From the first line onward, reproduce the records exactly; the final line to include is the one holding "(\<forall>y \<in> Obj C. \<forall>f1 \<in> hom C x1".

(Records for this exercise)

definition is_biproduct ::
  "('o, 'a) cat \<Rightarrow> 'o \<Rightarrow> 'o \<Rightarrow> 'o \<Rightarrow> 'a \<Rightarrow> 'a \<Rightarrow> 'a \<Rightarrow> 'a \<Rightarrow> bool" where
  "is_biproduct C x1 x2 s i1 i2 p1 p2 \<longleftrightarrow>
     s \<in> Obj C \<and>
     i1 \<in> hom C x1 s \<and> i2 \<in> hom C x2 s \<and> p1 \<in> hom C s x1 \<and> p2 \<in> hom C s x2 \<and>
     (\<forall>y \<in> Obj C. \<forall>f1 \<in> hom C x1 y. \<forall>f2 \<in> hom C x2 y.
        \<exists>!h. h \<in> hom C s y \<and> Comp C h i1 = f1 \<and> Comp C h i2 = f2) \<and>
     (\<forall>y \<in> Obj C. \<forall>f1 \<in> hom C y x1. \<forall>f2 \<in> hom C y x2.
        \<exists>!h. h \<in> hom C y s \<and> Comp C p1 h = f1 \<and> Comp C p2 h = f2) \<and>
     Comp C p1 i1 = Id C x1 \<and> Comp C p2 i2 = Id C x2 \<and>
     Comp C p1 i2 = zero_mor C x2 x1 \<and> Comp C p2 i1 = zero_mor C x1 x2"

definition has_finite_biproducts :: "('o, 'a) cat \<Rightarrow> bool" where
  "has_finite_biproducts C \<longleftrightarrow> category C \<and> (\<exists>z. zero_obj C z) \<and>
     (\<forall>x1 \<in> Obj C. \<forall>x2 \<in> Obj C. \<exists>s i1 i2 p1 p2. is_biproduct C x1 x2 s i1 i2 p1 p2)"

definition bp :: "('o, 'a) cat \<Rightarrow> 'o \<Rightarrow> 'o \<Rightarrow> 'o \<times> 'a \<times> 'a \<times> 'a \<times> 'a" where
  "bp C x1 x2 = (SOME (s, i1, i2, p1, p2). is_biproduct C x1 x2 s i1 i2 p1 p2)"

definition bp_obj :: "('o, 'a) cat \<Rightarrow> 'o \<Rightarrow> 'o \<Rightarrow> 'o" where
  "bp_obj C x1 x2 = fst (bp C x1 x2)"
definition bp_i1 :: "('o, 'a) cat \<Rightarrow> 'o \<Rightarrow> 'o \<Rightarrow> 'a" where
  "bp_i1 C x1 x2 = fst (snd (bp C x1 x2))"
definition bp_i2 :: "('o, 'a) cat \<Rightarrow> 'o \<Rightarrow> 'o \<Rightarrow> 'a" where
  "bp_i2 C x1 x2 = fst (snd (snd (bp C x1 x2)))"
definition bp_p1 :: "('o, 'a) cat \<Rightarrow> 'o \<Rightarrow> 'o \<Rightarrow> 'a" where
  "bp_p1 C x1 x2 = fst (snd (snd (snd (bp C x1 x2))))"
definition bp_p2 :: "('o, 'a) cat \<Rightarrow> 'o \<Rightarrow> 'o \<Rightarrow> 'a" where
  "bp_p2 C x1 x2 = snd (snd (snd (snd (bp C x1 x2))))"

definition diag :: "('o, 'a) cat \<Rightarrow> 'o \<Rightarrow> 'a" where
  "diag C x = (THE h. h \<in> hom C x (bp_obj C x x) \<and>
      Comp C (bp_p1 C x x) h = Id C x \<and> Comp C (bp_p2 C x x) h = Id C x)"

definition codiag :: "('o, 'a) cat \<Rightarrow> 'o \<Rightarrow> 'a" where
  "codiag C x = (THE h. h \<in> hom C (bp_obj C x x) x \<and>
      Comp C h (bp_i1 C x x) = Id C x \<and> Comp C h (bp_i2 C x x) = Id C x)"

definition bp_map :: "('o, 'a) cat \<Rightarrow> 'a \<Rightarrow> 'a \<Rightarrow> 'a" where
  "bp_map C f g = (let a1 = Dom C f; a2 = Dom C g; b1 = Cod C f; b2 = Cod C g in
     (THE h. h \<in> hom C (bp_obj C a1 a2) (bp_obj C b1 b2) \<and>
        Comp C (bp_p1 C b1 b2) h = Comp C f (bp_p1 C a1 a2) \<and>
        Comp C (bp_p2 C b1 b2) h = Comp C g (bp_p2 C a1 a2)))"

definition cplus :: "('o, 'a) cat \<Rightarrow> 'a \<Rightarrow> 'a \<Rightarrow> 'a" where
  "cplus C f g = Comp C (codiag C (Cod C f)) (Comp C (bp_map C f g) (diag C (Dom C f)))"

(End Records for this exercise)

Written response >>
definition is_biproduct ::
  "('o, 'a) cat \<Rightarrow> 'o \<Rightarrow> 'o \<Rightarrow> 'o \<Rightarrow> 'a \<Rightarrow> 'a \<Rightarrow> 'a \<Rightarrow> 'a \<Rightarrow> bool" where
  "is_biproduct C x1 x2 s i1 i2 p1 p2 \<longleftrightarrow>
     s \<in> Obj C \<and>
     i1 \<in> hom C x1 s \<and> i2 \<in> hom C x2 s \<and> p1 \<in> hom C s x1 \<and> p2 \<in> hom C s x2 \<and>
     (\<forall>y \<in> Obj C. \<forall>f1 \<in> hom C x1 y. \<forall>f2 \<in> hom C x2 y.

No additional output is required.